Fourteen years of good-byes, promises to be home for Sunday dinner, returning with smiles and warm embraces, and all the while, going to
 
her
. How had she not known? How had she looked into her father’s eyes, listened to his words, and not been able to see the truth?

Did he really love me? And Mother, what about her?

They were his family, but had he really loved them or merely felt duty toward them—obligation—as one does to an old pair of tennis shoes, scuffed and ripping at the seams, that should be tossed out on garbage day but somehow never make it there. Instead, they get relegated as something else—garden shoes, lawn mowing shoes, anything to avoid being discarded completely. Maybe that’s what he’d done, relegated them to “something else,” a lower position, in order to avoid the costly, damaging choice of permanent separation.

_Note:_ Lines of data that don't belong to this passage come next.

(* Let $\gamma\in[0,1)$ and $\Omega_{\gamma}=\{z\in\mathbb{C}:|z+\frac{\gamma}{1-\gamma}|<\frac{1}{1-\gamma}\}$. Let $f$ be analytic in $\Omega_\gamma$ with $|f(z)|\le1$ on $\Omega_\gamma$ and $f(z)=\sum_{n=0}^\infty a_n\left(z+\frac{\gamma}{1-\gamma}\right)^n$ in $\Omega_\gamma$. Then $$\sum_{n=0}^\infty \frac{|a_n|}{(1-\gamma)^n}\rho^n+\left(\frac{1}{1+|a_0|}+\frac{\rho}{1-\rho}\right)\sum_{n=1}^\infty\frac{|a_n|^2}{(1-\gamma)^{2n}}\rho^{2n}\le 1$$ for $|(1-\gamma)z+\gamma|=\rho\le\rho_0=1/3$. The number $\rho_0=1/3$ is best possible, i.e. for every $\rho\in(1/3,1)$ there is such a function $f$ for which the left-hand side exceeds $1$.
   Context: $\Omega_\gamma$ is the open disk centered at $-\gamma/(1-\gamma)$ of radius $1/(1-\gamma)$. *)

theory Defs
  imports "HOL-Complex_Analysis.Complex_Analysis"
begin

definition Omega :: "real \<Rightarrow> complex set" where
  "Omega \<gamma> = ball (complex_of_real (- \<gamma> / (1 - \<gamma>))) (1 / (1 - \<gamma>))"

definition S1 :: "real \<Rightarrow> (nat \<Rightarrow> complex) \<Rightarrow> real \<Rightarrow> nat \<Rightarrow> real" where
  "S1 \<gamma> a \<rho> n = norm (a n) / (1 - \<gamma>) ^ n * \<rho> ^ n"

definition S2 :: "real \<Rightarrow> (nat \<Rightarrow> complex) \<Rightarrow> real \<Rightarrow> nat \<Rightarrow> real" where
  "S2 \<gamma> a \<rho> n = (norm (a (n + 1)))\<^sup>2 / (1 - \<gamma>) ^ (2 * (n + 1)) * \<rho> ^ (2 * (n + 1))"

definition bohr_lhs :: "real \<Rightarrow> (nat \<Rightarrow> complex) \<Rightarrow> real \<Rightarrow> real" where
  "bohr_lhs \<gamma> a \<rho> = (\<Sum>n. S1 \<gamma> a \<rho> n)
      + (1 / (1 + norm (a 0)) + \<rho> / (1 - \<rho>)) * (\<Sum>n. S2 \<gamma> a \<rho> n)"

definition admissible :: "real \<Rightarrow> (complex \<Rightarrow> complex) \<Rightarrow> (nat \<Rightarrow> complex) \<Rightarrow> bool" where
  "admissible \<gamma> f a \<longleftrightarrow> f holomorphic_on Omega \<gamma>
     \<and> (\<forall>z\<in>Omega \<gamma>. norm (f z) \<le> 1)
     \<and> (\<forall>z\<in>Omega \<gamma>. (\<lambda>n. a n * (z + complex_of_real (\<gamma> / (1 - \<gamma>))) ^ n) sums f z)"

end

theory Submission
  imports Defs
begin

(* The substitution w = (1 - gamma) z + gamma maps Omega_gamma onto the unit disk and turns the
   expansion about -gamma/(1-gamma) into a Taylor series sum b_n w^n with b_n = a_n/(1-gamma)^n,
   so everything reduces to gamma = 0. For a function bounded by 1 on the unit disk, Schwarz-Pick
   at 0, applied to the average of the function over the rotations by k-th roots of unity, gives
   Wiener's inequality |b_k| <= 1 - |b_0|^2 for k >= 1. Bounding all coefficients this way reduces
   the claim to an elementary inequality in |b_0| and rho <= 1/3. For rho > 1/3 the disk
   automorphism (alpha - w)/(1 - alpha w) with alpha close enough to 1 already has
   sum |b_n| rho^n > 1. *)

lemma Schwarz_Pick_deriv_0:
  assumes holh: "h holomorphic_on ball 0 1" and lt1: "\<And>z. norm z < 1 \<Longrightarrow> norm (h z) < 1"
  shows "norm (deriv h 0) \<le> 1 - norm (h 0) ^ 2"
proof -
  define c where "c = h 0"
  have c1: "norm c < 1" using lt1[of 0] by (simp add: c_def)
  have pos: "1 - norm c ^ 2 > 0" using c1 by (simp add: power_less_one_iff abs_square_less_1)
  have cnj_c: "cnj c * c = of_real (norm c ^ 2)"
    by (metis complex_norm_square mult.commute)
  define \<phi> where "\<phi> = Moebius_function 0 c \<circ> h"
  have "\<phi> holomorphic_on ball 0 1"
    unfolding \<phi>_def
    by (rule holomorphic_on_compose_gen[OF holh Moebius_function_holomorphic[OF c1]]) (use lt1 in auto)
  moreover have "\<phi> 0 = 0" by (simp add: \<phi>_def c_def Moebius_function_eq_zero)
  moreover have "norm (\<phi> z) < 1" if "norm z < 1" for z
    unfolding \<phi>_def o_def using Moebius_function_norm_lt_1[OF c1 lt1[OF that]] .
  ultimately have Schwarz: "norm (deriv \<phi> 0) \<le> 1"
    using Schwarz_Lemma(2)[of \<phi> 0] by auto
  have nz: "1 - cnj c * c \<noteq> 0"
    unfolding cnj_c using pos by (metis of_real_1 of_real_diff of_real_eq_0_iff less_irrefl)
  have "((\<lambda>z. (z - c) / (1 - cnj c * z)) has_field_derivative
          ((1 - cnj c * c) + cnj c * (c - c)) / (1 - cnj c * c)\<^sup>2) (at c)"
    using nz by (auto intro!: derivative_eq_intros simp: power2_eq_square)
  hence "(Moebius_function 0 c has_field_derivative 1 / (1 - cnj c * c)) (at c)"
    using nz by (simp add: Moebius_function_simple[abs_def] power2_eq_square)
  moreover have "(h has_field_derivative deriv h 0) (at 0)"
    by (rule holomorphic_derivI[OF holh]) auto
  ultimately have "(\<phi> has_field_derivative deriv h 0 / (1 - cnj c * c)) (at 0)"
    unfolding \<phi>_def c_def using DERIV_chain by fastforce
  moreover have "norm (1 - cnj c * c) = 1 - norm c ^ 2"
    using pos by (metis cnj_c norm_of_real of_real_1 of_real_diff abs_of_pos)
  ultimately have "norm (deriv \<phi> 0) = norm (deriv h 0) / (1 - norm c ^ 2)"
    by (simp add: DERIV_imp_deriv norm_divide)
  thus ?thesis using Schwarz pos by (simp add: c_def divide_le_eq)
qed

She thought of all the days he’d been with Lily Desantro, all the years he’d let his real family believe he was somewhere else. Her father was the only one she’d ever truly counted on, the standard for everyone else in her life: friends, boyfriends, business associates, even, and she hated to admit this, her mother. Had it all been a grand lie?

Christine drove the remainder of the trip replaying the conversation with Nate Desantro. Part of her wanted to go back to Chicago, forget about the cabin and Magdalena, and most of all, Lily Desantro. The other part worried that the woman would not be so easily forgotten. What if she showed up in Chicago asking for Gloria Blacksworth?

Her mother would never be able to handle this. The thought of the two women, face to face, gave Christine renewed strength to drive back to Magdalena in the morning, confront Nate Desantro again if she must, though she hoped Lily would answer the door. Then Christine could tell her about the will, the enormous amount of money that would be hers, uncontested, and all she had to do was forget she’d ever heard the Blacksworth name.

It was early afternoon when she reached the cabin. She’d stopped off at Henry’s Market, a small grocery store that wasn’t much larger than a 7-Eleven, and picked up a quart of skim milk, four raspberry yogurts, a box of Multi-Grain Cheerios, a bag of red licorice, and a small bottle of Palmolive Dish detergent. She’d almost asked the wrinkled man at the counter if he knew Charles Blacksworth. 
You probably saw him about once a month
, she’d wanted to say. 
He came to stay in the cabin up the road. Of course, you’d remember him if you saw him...medium build, silver hair...distinguished...very polite.